With Lt. Lee's help, Peter continues to investigate the imposter, who he soon discerns is Mysterio. J. Jonah Jameson eats up Mysterio's declaration that he's going to take in the criminal Spider-Man, declaring Mysterio the true hero. Along the way, we have two flashbacks.

One has Peter reminiscing on his origin, a first for the show. (He appears in the pilot already well along in his career, it seems.) It's pretty loyal to the traditional comics origin, although the same model for College Peter is used, implying he was never Spider-Man while in high school. (He's even in the same shirt he always wears.) Another alteration is the elimination of Spidey's stints on Ed Sullivan-style variety shows.

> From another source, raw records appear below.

(* Let $T$ be a complete first-order theory with monster model $\mathcal{U}$. The relation $\geq_{\mathbb{E}}$ on the collection of global Keisler measures (in finitely many variables) is a preorder; that is, for all global Keisler measures $\mu,\nu,\eta$: $\mu\geq_{\mathbb{E}}\mu$, and if $\mu\geq_{\mathbb{E}}\nu$ and $\nu\geq_{\mathbb{E}}\eta$ then $\mu\geq_{\mathbb{E}}\eta$.
   Context: "Small" means of cardinality less than the saturation of $\mathcal{U}$. For $B\subseteq\mathcal{U}$ and a finite tuple of variables $x$, $\mathcal{L}_x(B)$ is the Boolean algebra of formulas in free variables $x$ with parameters from $B$ modulo $T$-equivalence; $\mathcal{L}_x(B)$ is identified with a subalgebra of $\mathcal{L}_{xy}(B)$ via $\varphi(x)\mapsto\varphi(x)\wedge y=y$. A Keisler measure over $B$ in $x$ is a finitely additive probability measure on $\mathcal{L}_x(B)$; $\mathfrak{M}_x(B)$ denotes the set of these; global means over $\mathcal{U}$. For $\omega\in\mathfrak{M}_{xy}(B)$, $\pi_x(\omega)(\varphi(x))=\omega(\varphi(x)\wedge y=y)$ (similarly $\pi_y$), and $\omega|_C$ is restriction to $\mathcal{L}_{xy}(C)$. For $\mu\in\mathfrak{M}_x(\mathcal{U})$, $\nu\in\mathfrak{M}_y(\mathcal{U})$ ($x,y$ disjoint) and small $A$: $\mu\geq_{\mathbb{E},A}\nu$ means there is $\lambda\in\mathfrak{M}_{xy}(A)$ with $\pi_x(\lambda)=\mu|_A$ such that every $\omega\in\mathfrak{M}_{xy}(\mathcal{U})$ with $\omega|_A=\lambda$ and $\pi_x(\omega)=\mu$ satisfies $\pi_y(\omega)=\nu$. $\mu\geq_{\mathbb{E}}\nu$ means $\mu\geq_{\mathbb{E},A}\nu$ for some small $A$. As a relation on global measures, $\mu\geq_{\mathbb{E}}\nu$ is evaluated after writing $\mu$ and $\nu$ in distinct (disjoint) tuples of variables (so in particular $\mu\geq_{\mathbb{E}}\mu$ means $\mu(x)\geq_{\mathbb{E}}\mu(y)$ for a copy $y$ of $x$). *)

theory Defs
  imports Complex_Main
begin
definition test_fun :: "('a::euclidean_space \<Rightarrow> real) \<Rightarrow> ('a \<Rightarrow> 'a) \<Rightarrow> bool" where
  "test_fun \<phi> g \<longleftrightarrow> (\<forall>x. (\<phi> has_derivative (\<lambda>h. g x \<bullet> h)) (at x))
      \<and> continuous_on UNIV g \<and> bounded {x. \<phi> x \<noteq> 0}"

definition weak_grad :: "('a::euclidean_space \<Rightarrow> real) \<Rightarrow> ('a \<Rightarrow> 'a) \<Rightarrow> bool" where
  "weak_grad u G \<longleftrightarrow> (\<forall>\<phi> g. test_fun \<phi> g \<longrightarrow> (\<forall>i\<in>Basis.
      (\<integral>x. u x * (g x \<bullet> i) \<partial>lborel) = - (\<integral>x. (G x \<bullet> i) * \<phi> x \<partial>lborel)))"

definition L2_grad :: "('a::euclidean_space \<Rightarrow> real) \<Rightarrow> ('a \<Rightarrow> 'a) \<Rightarrow> bool" where
  "L2_grad u G \<longleftrightarrow> G \<in> borel_measurable lborel
      \<and> integrable lborel (\<lambda>x. (norm (G x))\<^sup>2) \<and> weak_grad u G"

definition D12 :: "('a::euclidean_space \<Rightarrow> real) \<Rightarrow> bool" where
  "D12 u \<longleftrightarrow> u \<in> borel_measurable lborel
      \<and> integrable lborel (\<lambda>x. \<bar>u x\<bar> powr (2 * real DIM('a) / (real DIM('a) - 2)))
      \<and> (\<exists>G. L2_grad u G)"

A wrestling career takes its place, which makes sense. Variety shows were quite dead by the 1990s, while professional wrestling remained popular. You see a similar move in the 2002 film; treating Spidey's one wrestling match from his comics origin as his "showbiz" career.

The second flashback established why Mysterio is determined to ruin Spider-Man's reputation. NYPD file footage reveals Mysterio as Quentin Beck, a special effects expert who botched a job during a movie shoot on the Brooklyn Bridge. Spider-Man's appearance saved lives, but also exposed Beck's recklessness. He was arrested, served a year in prison, and now holds a grudge.

He's also holding on to the most stereotypical of all '90s "Hollywood type" hairstyles. Bleach blond hair pulled into a short ponytail. Yikes.

Peter's frustration with Mysterio's frame job, and his missed date with MJ, causes him to give up his life as Spider-Man. It's a guilt trip from Lt. Lee, and his memory of Uncle Ben's "great power" speech, that inspires him to keep going.

In the end, Mysterio is apprehended at his abandoned movie studio hideout, Jameson is humbled, and MJ agrees to give Peter a second chance. Yay, happy endings.